Aurora borealis is a natural light spectacle in the Polar Regions. It is caused by the interaction between charged particles from the Sun and the Earth’s magnetic field. However, aurora borealis is not limited to Earth; it can also be observed on other planets in our solar system and exoplanets beyond our solar system.
This article will explore beautiful skies of exoplanets and the science behind their auroras.
What are Exoplanets?
Exoplanets are planets that orbit stars other than our Sun. Since the first exoplanet discovery in 1995, thousands of exoplanets have been found, and they come in various sizes and compositions. Some exoplanets are rocky, like Earth, while others are gas giants like Jupiter. Exoplanets also come in different distances from their host star; some are located in the habitable zone, where liquid water could exist.
What Causes Auroras on Exoplanets?
Like on Earth, auroras on exoplanets are caused by the interaction between charged particles and the planet’s magnetic field. However, the source of charged particles can vary. On Earth, charged particles come from the solar wind, a stream of charged particles that constantly flows from the Sun.

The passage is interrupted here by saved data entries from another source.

(* For every $\alpha>0$ there exist constants $K,\kappa>0$, depending only on $\alpha$, such that the following holds. For all $0<\beta\le1$, all $N,m\ge1$, and all strictly increasing $m$-tuples $p=(p_1<\dots<p_m)$ and $q=(q_1<\dots<q_m)$ of integers in $[1,N]$ with $|p-q|_1\ge\alpha N$, $$Z_\beta(p,q)\le(K/\beta)^{2m}e^{-\kappa\beta N}.$$
   Context: Here $|p-q|_1=\sum_a|p_a-q_a|$ and $$Z_\beta(p,q)=\sum_{\sigma\in S_m}e^{-\beta E_\sigma(p,q)},\qquad E_\sigma(p,q)=\sum_{a=1}^m|p_a-q_{\sigma(a)}|,$$ where $S_m$ is the symmetric group on $m$ elements. *)

theory Defs
  imports "HOL-Analysis.Analysis"
begin

text \<open>Tuples p = (p_1,...,p_m) are modelled as functions nat => int, indexed by {1..m}.
  Permutations in S_m are the functions permuting {1..m}.\<close>

definition l1dist :: "nat \<Rightarrow> (nat \<Rightarrow> int) \<Rightarrow> (nat \<Rightarrow> int) \<Rightarrow> real" where
  "l1dist m p q = (\<Sum>a\<in>{1..m}. real_of_int \<bar>p a - q a\<bar>)"

definition energy :: "nat \<Rightarrow> (nat \<Rightarrow> int) \<Rightarrow> (nat \<Rightarrow> int) \<Rightarrow> (nat \<Rightarrow> nat) \<Rightarrow> real" where
  "energy m p q \<sigma> = (\<Sum>a\<in>{1..m}. real_of_int \<bar>p a - q (\<sigma> a)\<bar>)"

definition Zpart :: "real \<Rightarrow> nat \<Rightarrow> (nat \<Rightarrow> int) \<Rightarrow> (nat \<Rightarrow> int) \<Rightarrow> real" where
  "Zpart \<beta> m p q = (\<Sum>\<sigma>\<in>{\<sigma>. \<sigma> permutes {1..m}}. exp (- \<beta> * energy m p q \<sigma>))"

end

theory Submission imports Defs begin

(* Write E(sigma) = sum_a |p_a - q_sigma(a)| and D = |p - q|_1.
   (1) Rearrangement: for nondecreasing p and q the identity permutation minimises
       the energy, i.e. D <= E(sigma) for every sigma.  This is proved by induction
       on m, uncrossing the pair of indices that sigma sends to / from the top index
       with a single transposition, which never increases the energy.
   (2) Split the Boltzmann weight in half:
         exp(-beta E) <= exp(-beta D/2) * prod_a exp(-(beta/2) |p_a - q_sigma(a)|).
   (3) Summing over permutations, the sum of products of matrix entries along
       permutations is at most the product of the row sums (a permanent bound).
   (4) Each row sum is a sum of exp(-gamma |x0 - x|) over distinct integers x, hence
       bounded by two geometric series: at most 2/(1 - exp(-gamma)) <= 4/gamma.
   Together, Z <= exp(-beta D/2) (8/beta)^m <= (8/beta)^(2m) exp(-(alpha/2) beta N),
   so the theorem holds with K = 8 and kappa = alpha/2. *)

lemma abs_diff_uncross:
  fixes a b c d :: int
  assumes "a \<le> b" "c \<le> d"
  shows "\<bar>b - d\<bar> + \<bar>a - c\<bar> \<le> \<bar>b - c\<bar> + \<bar>a - d\<bar>"
  using assms by arith

lemma sum_differ_at_two_points:
  fixes u v :: "'a \<Rightarrow> 'b::ab_group_add"
  assumes "finite S" "k \<in> S" "M \<in> S" "k \<noteq> M"
    and "\<And>a. a \<in> S - {k, M} \<Longrightarrow> u a = v a"
  shows "sum u S - sum v S = (u k + u M) - (v k + v M)"
proof -
  have split: "sum w S = sum w (S - {k, M}) + (w k + w M)" for w :: "'a \<Rightarrow> 'b"
    using sum.subset_diff[of "{k, M}" S w] assms(1-4) by simp
  have "sum u (S - {k, M}) = sum v (S - {k, M})"
    using assms(5) by (rule sum.cong[OF refl])
  then show ?thesis
    using split[of u] split[of v] by (simp add: algebra_simps)
qed

lemma energy_uncross:
  assumes \<sigma>: "\<sigma> permutes {1..m}" and a: "a \<in> {1..m}" and b: "b \<in> {1..m}"
    and p: "p a \<le> p b" and q: "q (\<sigma> b) \<le> q (\<sigma> a)"
  shows "energy m p q (Transposition.transpose (\<sigma> b) (\<sigma> a) \<circ> \<sigma>) \<le> energy m p q \<sigma>"
proof (cases "a = b")
  case True
  then show ?thesis by simp
next
  case False
  define \<tau> where "\<tau> = Transposition.transpose (\<sigma> b) (\<sigma> a) \<circ> \<sigma>"
  define f where "f = (\<lambda>x y. real_of_int \<bar>p x - q y\<bar>)"
  have inj\<sigma>: "\<sigma> x = \<sigma> y \<longleftrightarrow> x = y" for x y
    using permutes_inj[OF \<sigma>] by (simp add: inj_eq)
  have \<tau>_rest: "\<tau> c = \<sigma> c" if "c \<in> {1..m} - {a, b}" for c
    using that by (simp add: \<tau>_def inj\<sigma> transpose_apply_other)
  have "energy m p q \<sigma> - energy m p q \<tau> = (f a (\<sigma> a) + f b (\<sigma> b)) - (f a (\<tau> a) + f b (\<tau> b))"
    unfolding energy_def f_def
    by (rule sum_differ_at_two_points[OF _ a b False]) (simp_all add: \<tau>_rest)
  also have "\<dots> = (f a (\<sigma> a) + f b (\<sigma> b)) - (f a (\<sigma> b) + f b (\<sigma> a))"
    by (simp add: \<tau>_def)
  also have "\<dots> \<ge> 0"
    using abs_diff_uncross[OF p q] unfolding f_def
    by (simp only: of_int_add[symmetric] of_int_le_iff diff_ge_0_iff_ge add.commute)
  finally show ?thesis by (simp add: \<tau>_def)
qed

lemma energy_fix_top_index:
  assumes p: "mono_on {1..Suc n} p" and q: "mono_on {1..Suc n} q"
    and \<sigma>: "\<sigma> permutes {1..Suc n}"
  shows "\<exists>\<tau>. \<tau> permutes {1..n} \<and> energy (Suc n) p q \<tau> \<le> energy (Suc n) p q \<sigma>"
proof -
  let ?S = "{1..Suc n}"
  define k where "k = inv \<sigma> (Suc n)"
  define \<tau> where "\<tau> = Transposition.transpose (\<sigma> (Suc n)) (\<sigma> k) \<circ> \<sigma>"
  have top: "Suc n \<in> ?S" by simp
  have \<sigma>k: "\<sigma> k = Suc n" using permutes_inverses(1)[OF \<sigma>] by (simp add: k_def)
  have k: "k \<in> ?S" using permutes_in_image[OF \<sigma>, of k] top \<sigma>k by simp
  have \<sigma>_top: "\<sigma> (Suc n) \<in> ?S" using permutes_in_image[OF \<sigma>] top by simp
  have "energy (Suc n) p q \<tau> \<le> energy (Suc n) p q \<sigma>"
    unfolding \<tau>_def
  proof (rule energy_uncross[OF \<sigma> k top])
    show "p k \<le> p (Suc n)" using mono_onD[OF p k top] k by simp
    show "q (\<sigma> (Suc n)) \<le> q (\<sigma> k)" using mono_onD[OF q \<sigma>_top top] \<sigma>_top \<sigma>k by simp
  qed
  moreover have "\<tau> permutes {1..n}"
  proof (rule permutes_superset)
    show "\<tau> permutes ?S"
      unfolding \<tau>_def by (rule permutes_compose[OF \<sigma> permutes_swap_id[OF \<sigma>_top]]) (simp add: \<sigma>k)
    show "\<tau> x = x" if "x \<in> ?S - {1..n}" for x
      using that \<sigma>k by (auto simp: \<tau>_def le_Suc_eq)
  qed
  ultimately show ?thesis by blast
qed

lemma l1dist_le_energy:
  assumes "mono_on {1..m} p" "mono_on {1..m} q" "\<sigma> permutes {1..m}"
  shows "l1dist m p q \<le> energy m p q \<sigma>"
  using assms
proof (induction m arbitrary: \<sigma>)
  case 0
  then show ?case by (simp add: l1dist_def energy_def)
next
  case (Suc n)
  obtain \<tau> where \<tau>: "\<tau> permutes {1..n}"
    and le: "energy (Suc n) p q \<tau> \<le> energy (Suc n) p q \<sigma>"
    using energy_fix_top_index[OF Suc.prems] by blast
  have mono_n: "mono_on {1..n} p" "mono_on {1..n} q"
    using Suc.prems(1,2) by (auto intro: mono_on_subset)
  have "\<tau> (Suc n) = Suc n" using permutes_not_in[OF \<tau>] by simp
  then have "energy (Suc n) p q \<tau> = energy n p q \<tau> + real_of_int \<bar>p (Suc n) - q (Suc n)\<bar>"
    by (simp add: energy_def)
  moreover have "l1dist (Suc n) p q = l1dist n p q + real_of_int \<bar>p (Suc n) - q (Suc n)\<bar>"
    by (simp add: l1dist_def)
  ultimately show ?case using Suc.IH[OF mono_n \<tau>] le by simp
qed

On exoplanets, charged particles can come from the planet’s atmosphere, its host star, or even from its moons if they have one.
The strength and shape of the planet’s magnetic field also play a crucial role in determining the aurora’s characteristics. A strong magnetic field can trap charged particles, causing them to spiral along the magnetic field lines and collide with atoms in the atmosphere, resulting in an aurora. On the other hand, a weak magnetic field would allow charged particles to escape and interact with the planet’s atmosphere, resulting in a different type of aurora.
Auroras on Exoplanets
So far, auroras have been observed on several planets in our solar system, including Jupiter, Saturn, Uranus, and Neptune. Each of these planets has its unique aurora, shaped by its magnetic field, atmosphere, and the source of charged particles.
Scientists have also detected aurora-like signals on exoplanets outside of our solar system in recent years. In 2015, the Hubble Space Telescope detected a strong aurora on a gas giant exoplanet called HD 189733b. This planet is located about 63 light-years away from Earth and is roughly the size of Jupiter. The aurora on HD 189733b was caused by charged particles from the planet’s atmosphere, which were ionized by the planet’s intense ultraviolet radiation.
In 2020, scientists used the Hubble Space Telescope to study the atmosphere of an exoplanet called WASP-79b, located about 780 light-years from Earth. The researchers detected a bright, pulsating signal that could be an aurora caused by charged particles from the planet’s host star. However, more observations are needed to confirm whether this signal is an aurora.
Auroras on Venus
There is no magnetic field on Venus. But it doesn’t imply the aurora borealis doesn’t exist there! Its radiance, reminiscent of the aurora borealis, is currently thought to be caused by the impact of solar wind particles on Venus’s atmosphere. Astronomers have noticed strange lights on Earth’s dark side for a long time, and such observations have generally corresponded with times of increased solar activity.
Auroras on Venus are not restricted to the planet’s poles like their Earthly counterparts. Spots are bright and hazy clusters of varying shapes and intensities that can spread across the planet’s disk. Yet, the auroras can only be seen from outer space since Venus’s atmosphere is so thickly clouded.
Northern Lights on Mars
Long ago, Mars had its magnetic field. There are still magnetic regions in the Earth’s crust from that time. This means that the equatorial parts of Mars are just as likely as the polar regions to have auroras.
Whether or not future Martian explorers can witness the Red Planet’s auroras is a topic of debate between experts. The vast majority of their rays are really in the UV spectrum. Other research suggests that they may still be seen with the naked eye under specific situations. Most Martian auroras are predicted to be blue, with some red and green dots.
Large-Planet Auroras
Weak compared to the big planets of our solar system, their magnetic fields are nonetheless rather significant. This is why their auroras are so much more impressive than Earth’s. Nevertheless, we can only view the planets’ day sides since they are “external” to Earth. Hence the auroras are hidden by the reflected sunshine.
Saturn’s Northern Lights
Astronomers, therefore, must use infrared and ultraviolet wavelengths to investigate the auroras of the large planets. Several unexpected developments resulted from these investigations. According to observations, Saturn has the brightest aurora borealis in the solar system. At the height of 1200 miles, it begins to take shape.
Uranus is unique because its geographical and magnetic poles are not remotely aligned. Hence, the skies above the poles of Uranus are illuminated by the brilliant aurora borealis. They drop from the equator into the southern hemisphere, stretching from the north to the south.
Jupiter’s auroras are strangers. Bright aurora borealis regions are created in the gas giant’s magnetosphere, which is directly influenced by the satellites of the big planets. Io’s volcanic emissions are a key factor in this process.
Last but not least, Ganymede is significant. It’s the only planet-orbiting body in the Solar System to possess its magnetic field. Galileo and Juno’s data suggest that the planet’s poles occasionally emit light.